Home > Uncategorized > L’invivabilité et la précarisation du/des vivant·e·s : enjeux éthiques et philosophiques

L’invivabilité et la précarisation du/des vivant·e·s : enjeux éthiques et philosophiques

L’invivabilité et la précarisation du/des vivant·e·s : enjeux éthiques et philosophiques

(English follows)

L’invivabilité et la précarisation du/des vivant·e·s : enjeux éthiques et philosophiques

Colloque en ligne le 22 avril, 9h15 à 16h30 (Heure de Montréal, UTC−4)
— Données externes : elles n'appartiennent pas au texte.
(* Let $K\subset\mathbb R^{d_1}$ be compact and $f:K\to\mathbb R^{d_3}$ continuous. For every $\epsilon>0$ there exist $d_2>0$, $W_1\in\mathrm{Mat}(d_2,d_1)$, $W_2\in\mathrm{Mat}(d_3,d_2)$ and $b\in\mathbb R^{d_2}$ such that the function $f^U_{W_1,W_2,b}(x)=W_2\cdot\sigma_{\mathbb R^{d_2}}(W_1x+b)$ satisfies $\|f^U_{W_1,W_2,b}-f\|_{L^2(K)}<\epsilon$.
   Context: For $n\ge1$, $\sigma_{\mathbb R^n}:\mathbb R^n\to\mathbb R^n$ is defined by $\sigma_{\mathbb R^n}(x)_i=\dfrac{e^{2x_i}}{1+\sum_{j=1}^ne^{2x_j}}$, $i=1,\dots,n$ (the softmax on $(0,x_1,\dots,x_n)$ with the $0$-th component dropped; its image is the interior of the standard simplex with vertices $0,\epsilon_1,\dots,\epsilon_n$). The $L^2(K)$-norm is with respect to Lebesgue measure and the Euclidean norm on $\mathbb R^{d_3}$. *)

theory Defs
  imports "HOL-Analysis.Analysis"
begin

text \<open>The map sigma on R^n, with vectors in R^n represented as functions
  nat => real restricted to the indices 0..n-1 (index i corresponds to the
  paper's coordinate i+1).\<close>
definition sigmaR :: "nat \<Rightarrow> (nat \<Rightarrow> real) \<Rightarrow> (nat \<Rightarrow> real)" where
  "sigmaR n y = (\<lambda>i. exp (2 * y i) / (1 + (\<Sum>j<n. exp (2 * y j))))"

text \<open>The hidden dimension d2 is a
  natural number; W1 is given by its d2 rows (vectors in R^d1), W2 by its entries
  W2 k i (k a row index in the output type, i < d2), b by its d2 entries.\<close>
definition netU :: "nat \<Rightarrow> (nat \<Rightarrow> real^'n) \<Rightarrow> ('m \<Rightarrow> nat \<Rightarrow> real) \<Rightarrow> (nat \<Rightarrow> real)
     \<Rightarrow> real^'n \<Rightarrow> real^'m" where
  "netU d2 W1 W2 b x =
     (\<chi> k. \<Sum>i<d2. W2 k i * sigmaR d2 (\<lambda>j. W1 j \<bullet> x + b j) i)"

definition L2normK :: "(real^'n) set \<Rightarrow> (real^'n \<Rightarrow> real^'m) \<Rightarrow> real" where
  "L2normK K g = sqrt (LINT x:K|lborel. (norm (g x))^2)"

end

theory Submission imports Defs begin

text \<open>By Stone--Weierstrass, the exponential sums \<open>x \<mapsto> \<Sum>v\<in>W. c v * exp (v \<bullet> x)\<close> are
  uniformly dense in the continuous functions on \<open>K\<close>; all components of \<open>f\<close> can be approximated
  with one common finite frequency set \<open>W\<close>. Taking one hidden neuron per frequency, with
  \<open>W\<^sub>1 x + b = (v \<bullet> x + ln t) / 2\<close>, the network computes \<open>G\<^sub>k(x) / (1 + t S(x))\<close>, where \<open>G\<^sub>k\<close> is the
  approximating exponential sum and \<open>S(x) = \<Sum>v\<in>W. exp (v \<bullet> x)\<close>. The extra \<open>1\<close> in the
  denominator of \<open>\<sigma>\<close> is made negligible by letting the scale \<open>t\<close> tend to \<open>0\<close>, and a uniform
  bound on the compact set \<open>K\<close> of finite measure bounds the \<open>L\<^sup>2\<close> norm.\<close>

lemma L2normK_le_of_norm_bound:
  fixes K :: "(real^'n) set" and g :: "real^'n \<Rightarrow> real^'m"
  assumes K: "compact K" and bound: "\<And>x. x \<in> K \<Longrightarrow> norm (g x) \<le> \<delta>" and "\<delta> \<ge> 0"
  shows "L2normK K g \<le> \<delta> * sqrt (measure lborel K)"
proof -
  have K_sets: "K \<in> sets lborel"
    using K by (simp add: compact_imp_closed)
  have K_finite: "emeasure lborel K < \<infinity>"
    using K emeasure_bounded_finite[of K] by (simp add: compact_imp_bounded less_top)
  have const_integrable: "set_integrable lborel K (\<lambda>_. \<delta>^2)"
    unfolding set_integrable_def using K_sets K_finite
    by (intro integrable_mult_left integrable_indicator) auto
  have "(LINT x:K|lborel. (norm (g x))^2) \<le> \<delta>^2 * measure lborel K"
  proof (cases "set_integrable lborel K (\<lambda>x. (norm (g x))^2)")
    case True
    have "(LINT x:K|lborel. (norm (g x))^2) \<le> (LINT x:K|lborel. \<delta>^2)"
      by (rule set_integral_mono[OF True const_integrable])
        (use bound in \<open>auto intro!: power_mono\<close>)
    also have "\<dots> = \<delta>^2 * measure lborel K"
      using set_integral_const[OF K_sets, of "\<delta>^2"] K_finite by (simp add: less_top mult.commute)
    finally show ?thesis .
  next
    case False
    then show ?thesis
      unfolding set_lebesgue_integral_def set_integrable_def by (simp add: not_integrable_integral_eq)
  qed
  then have "L2normK K g \<le> sqrt (\<delta>^2 * measure lborel K)"
    unfolding L2normK_def by simp
  also have "\<dots> = \<delta> * sqrt (measure lborel K)"
    using \<open>\<delta> \<ge> 0\<close> by (simp add: real_sqrt_mult)
  finally show ?thesis .
qed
La précarisation générale du vivant à travers les crises écologiques et sanitaires nous amène inévitablement à considérer la question de l’invivable. Qu’est-ce qui constitue le vivable et l’invivable dans notre contexte moderne ? Pour répondre à cette question, nous devons considérer la précarité comme une condition politiquement induite dans laquelle certains groupes sont différentiellement exposés aux blessures, à la violence et à la mort. Comment les systèmes de précarité et d’invivabilité sont-ils liés, notamment dans le cas de l’exploitation intensive de la nature, des femmes, des personnes racisées et des êtres vivants non humains ? Compte tenu des conditions sociales et politiques imposées à certains individus en fonction de leur race, de leur sexe, de leur classe et de leurs capacités, comment faire en sorte que la vivabilité des un·e·s ne soit pas liée à la destruction des conditions de vie des autres ou de la vie dans son ensemble ?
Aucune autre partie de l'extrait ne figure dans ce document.